Memory Usage

From bwHPC Wiki
Jump to: navigation, search

1 Memory Usage

Often compute jobs get aborted because there is not enough memory available on the compute node to hold all the data. This page gives guidelines and tips for some tools how much memory should be requested for these tools and how the required memory scales with data and number of processors.

1.1 Specify memory in the job script

Please remember to specify the memory your job needs in the jobscript. Otherwise it can happen that the job is cancelled by the scheduler when it trys to allocate memory.

With the mem option you can request xx GB memory for the whole job.

#PBS -l mem=xxgb

With the pmem option you can request memory per core. This example will request 4 * xxGB, as the job runs on 4 cores.

#PBS -l nodes=1:ppn=4
#PBS -l pmem=xxgb

After the job finished a feedbackscript will denote the memory used by your job. This can help to get a more educated guess how much memory your jobs really need.

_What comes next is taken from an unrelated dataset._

(* Let $k\ge l\ge0$. The projection operator $\Pi=\sum_{i,j\ge0}\beta_{i,j}(k,l)\,C^iS_u^jA^iS_x^j$ from $\mathcal{P}_{k,l}(\mathbb{R}^{2m},\mathbb{C})\cap\ker(\Delta_x,\Delta_u)$ onto $\mathcal{H}_{k,l}(\mathbb{R}^{2m},\mathbb{C})$, with $$\beta_{i,j}(k,l)=\frac{(-1)^{i+j}}{i!\,j!}\,\frac{(k+\frac m2-i+j-1)\,(l+\frac m2-j-3)_{(i)}}{(k+\frac m2+j-1)\,(l+\frac m2-3)_{(i)}\,(k+l+m-4)_{(i)}\,(k-l+2)^{(j)}},$$ is self-adjoint with respect to the Fischer inner product.
   Context: Fix an integer $m>4$. For $x,u\in\mathbb{R}^m$ let $\mathcal{P}_{p,q}(\mathbb{R}^{2m},\mathbb{C})$ be complex polynomials of degree $p$ in $x$ and $q$ in $u$. The Fischer inner product is $[P,Q]_F=\overline{P}(\partial_x,\partial_u)Q(x,u)\big|_{x=u=0}$ ($\overline{P}(\partial_x,\partial_u)$: conjugate coefficients of $P$ and replace $x_j,u_j$ by $\partial_{x_j},\partial_{u_j}$). Write $|x|^2=\sum x_j^2$, $\langle u,x\rangle=\sum u_jx_j$, $\Delta_x=\sum\partial_{x_j}^2$, $\Delta_u=\sum\partial_{u_j}^2$, $\langle\partial_u,\partial_x\rangle=\sum\partial_{u_j}\partial_{x_j}$, $\langle x,\partial_u\rangle=\sum x_j\partial_{u_j}$, $\langle u,\partial_x\rangle=\sum u_j\partial_{x_j}$, $\ker(D_1,\dots,D_r)=\bigcap\ker D_i$. Every $P\in\mathcal{P}_{p,q}$ is uniquely $\sum_{a,b\ge0}|x|^{2a}|u|^{2b}H'_{p-2a,q-2b}$ with $H'_{p-2a,q-2b}\in\mathcal{P}_{p-2a,q-2b}\cap\ker(\Delta_x,\Delta_u)$; $\pi_{\mathfrak{s}}P:=H'_{p,q}$. On $\ker(\Delta_x,\Delta_u)$: $S_x=\pi_{\mathfrak{s}}\langle x,\partial_u\rangle$, $S_u=\pi_{\mathfrak{s}}\langle u,\partial_x\rangle$, $A=\pi_{\mathfrak{s}}\langle\partial_u,\partial_x\rangle$, $C=\pi_{\mathfrak{s}}\langle u,x\rangle$. $\mathcal{H}_{k,l}=\mathcal{P}_{k,l}\cap\ker(\Delta_x,\Delta_u,\langle\partial_u,\partial_x\rangle,\langle x,\partial_u\rangle)$. Rising factorial $\alpha^{(j)}=\alpha(\alpha+1)\cdots(\alpha+j-1)$, falling $\alpha_{(j)}=\alpha(\alpha-1)\cdots(\alpha-j+1)$, both $1$ for $j=0$. *)

theory Defs
  imports Complex_Main "HOL-Library.Poly_Mapping"
begin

Memory job, MB                              | 420         [req.     10220]

1.2 Tools

1.2.1 Mothur

When analyzing reads with Mothur, at some point a distance matrix will be created. This pair wise distances are saved in a file with the .dist prefix. This matrix is held in memory when you have Mothur commands like cluster or cluster.split.

As stated in this Mothur forum post, the required memory increases with the number of used processes. If you experience memory problems with your Mothur script, you may have to use fewer processes for the clustering.

Note: The more processors used the more memory is required. Each process will load a distance matrix into memory (RAM).